[Start of Attachment]

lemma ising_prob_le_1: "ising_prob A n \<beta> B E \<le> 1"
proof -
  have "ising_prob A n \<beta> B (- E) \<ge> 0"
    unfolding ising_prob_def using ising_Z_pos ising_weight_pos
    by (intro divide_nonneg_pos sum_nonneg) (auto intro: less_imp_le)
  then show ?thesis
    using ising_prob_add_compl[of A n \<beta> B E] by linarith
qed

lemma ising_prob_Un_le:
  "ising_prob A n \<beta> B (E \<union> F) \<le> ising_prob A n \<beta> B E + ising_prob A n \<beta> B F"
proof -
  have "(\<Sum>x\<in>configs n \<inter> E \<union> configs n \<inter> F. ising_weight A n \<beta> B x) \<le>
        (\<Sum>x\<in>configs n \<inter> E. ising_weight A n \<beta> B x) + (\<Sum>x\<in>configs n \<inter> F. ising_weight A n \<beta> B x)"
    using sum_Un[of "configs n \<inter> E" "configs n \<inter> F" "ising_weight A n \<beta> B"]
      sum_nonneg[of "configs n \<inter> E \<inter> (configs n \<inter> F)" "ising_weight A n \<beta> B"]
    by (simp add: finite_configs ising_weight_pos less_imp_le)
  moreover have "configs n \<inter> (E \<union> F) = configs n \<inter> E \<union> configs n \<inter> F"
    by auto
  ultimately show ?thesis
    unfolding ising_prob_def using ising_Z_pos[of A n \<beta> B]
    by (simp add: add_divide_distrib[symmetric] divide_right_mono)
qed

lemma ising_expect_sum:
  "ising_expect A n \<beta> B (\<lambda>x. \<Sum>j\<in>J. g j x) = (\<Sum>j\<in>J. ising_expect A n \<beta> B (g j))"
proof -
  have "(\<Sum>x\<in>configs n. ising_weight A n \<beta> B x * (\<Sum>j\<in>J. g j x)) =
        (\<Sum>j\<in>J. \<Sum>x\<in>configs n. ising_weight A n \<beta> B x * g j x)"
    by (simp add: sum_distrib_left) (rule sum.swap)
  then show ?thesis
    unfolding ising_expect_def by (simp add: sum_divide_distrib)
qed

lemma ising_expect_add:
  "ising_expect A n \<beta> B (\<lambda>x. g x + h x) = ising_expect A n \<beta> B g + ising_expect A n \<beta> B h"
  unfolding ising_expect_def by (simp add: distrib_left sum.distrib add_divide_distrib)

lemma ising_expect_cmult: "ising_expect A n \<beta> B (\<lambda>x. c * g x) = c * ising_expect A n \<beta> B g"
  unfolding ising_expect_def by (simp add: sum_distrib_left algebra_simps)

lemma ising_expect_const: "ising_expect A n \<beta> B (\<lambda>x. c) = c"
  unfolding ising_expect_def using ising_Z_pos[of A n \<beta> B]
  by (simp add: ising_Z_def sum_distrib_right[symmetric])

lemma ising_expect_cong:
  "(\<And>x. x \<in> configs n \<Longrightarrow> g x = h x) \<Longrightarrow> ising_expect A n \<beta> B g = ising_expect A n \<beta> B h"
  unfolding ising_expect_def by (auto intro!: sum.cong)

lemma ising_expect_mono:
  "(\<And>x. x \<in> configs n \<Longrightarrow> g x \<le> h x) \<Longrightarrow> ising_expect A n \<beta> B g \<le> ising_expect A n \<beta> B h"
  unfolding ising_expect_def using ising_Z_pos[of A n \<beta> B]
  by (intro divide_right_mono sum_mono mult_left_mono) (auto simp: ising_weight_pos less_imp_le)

[End of Attachment]

◆ Task details
Print exactly the lines above, between the one holding "n \<beta> B (- E)" and the one holding "(\<Sum>x\<in>configs n \<inter> E.", inclusive, and nothing besides.

◆ Result of this task
  have "ising_prob A n \<beta> B (- E) \<ge> 0"
    unfolding ising_prob_def using ising_Z_pos ising_weight_pos
    by (intro divide_nonneg_pos sum_nonneg) (auto intro: less_imp_le)
  then show ?thesis
    using ising_prob_add_compl[of A n \<beta> B E] by linarith
qed

lemma ising_prob_Un_le:
  "ising_prob A n \<beta> B (E \<union> F) \<le> ising_prob A n \<beta> B E + ising_prob A n \<beta> B F"
proof -
  have "(\<Sum>x\<in>configs n \<inter> E \<union> configs n \<inter> F. ising_weight A n \<beta> B x) \<le>
        (\<Sum>x\<in>configs n \<inter> E. ising_weight A n \<beta> B x) + (\<Sum>x\<in>configs n \<inter> F. ising_weight A n \<beta> B x)"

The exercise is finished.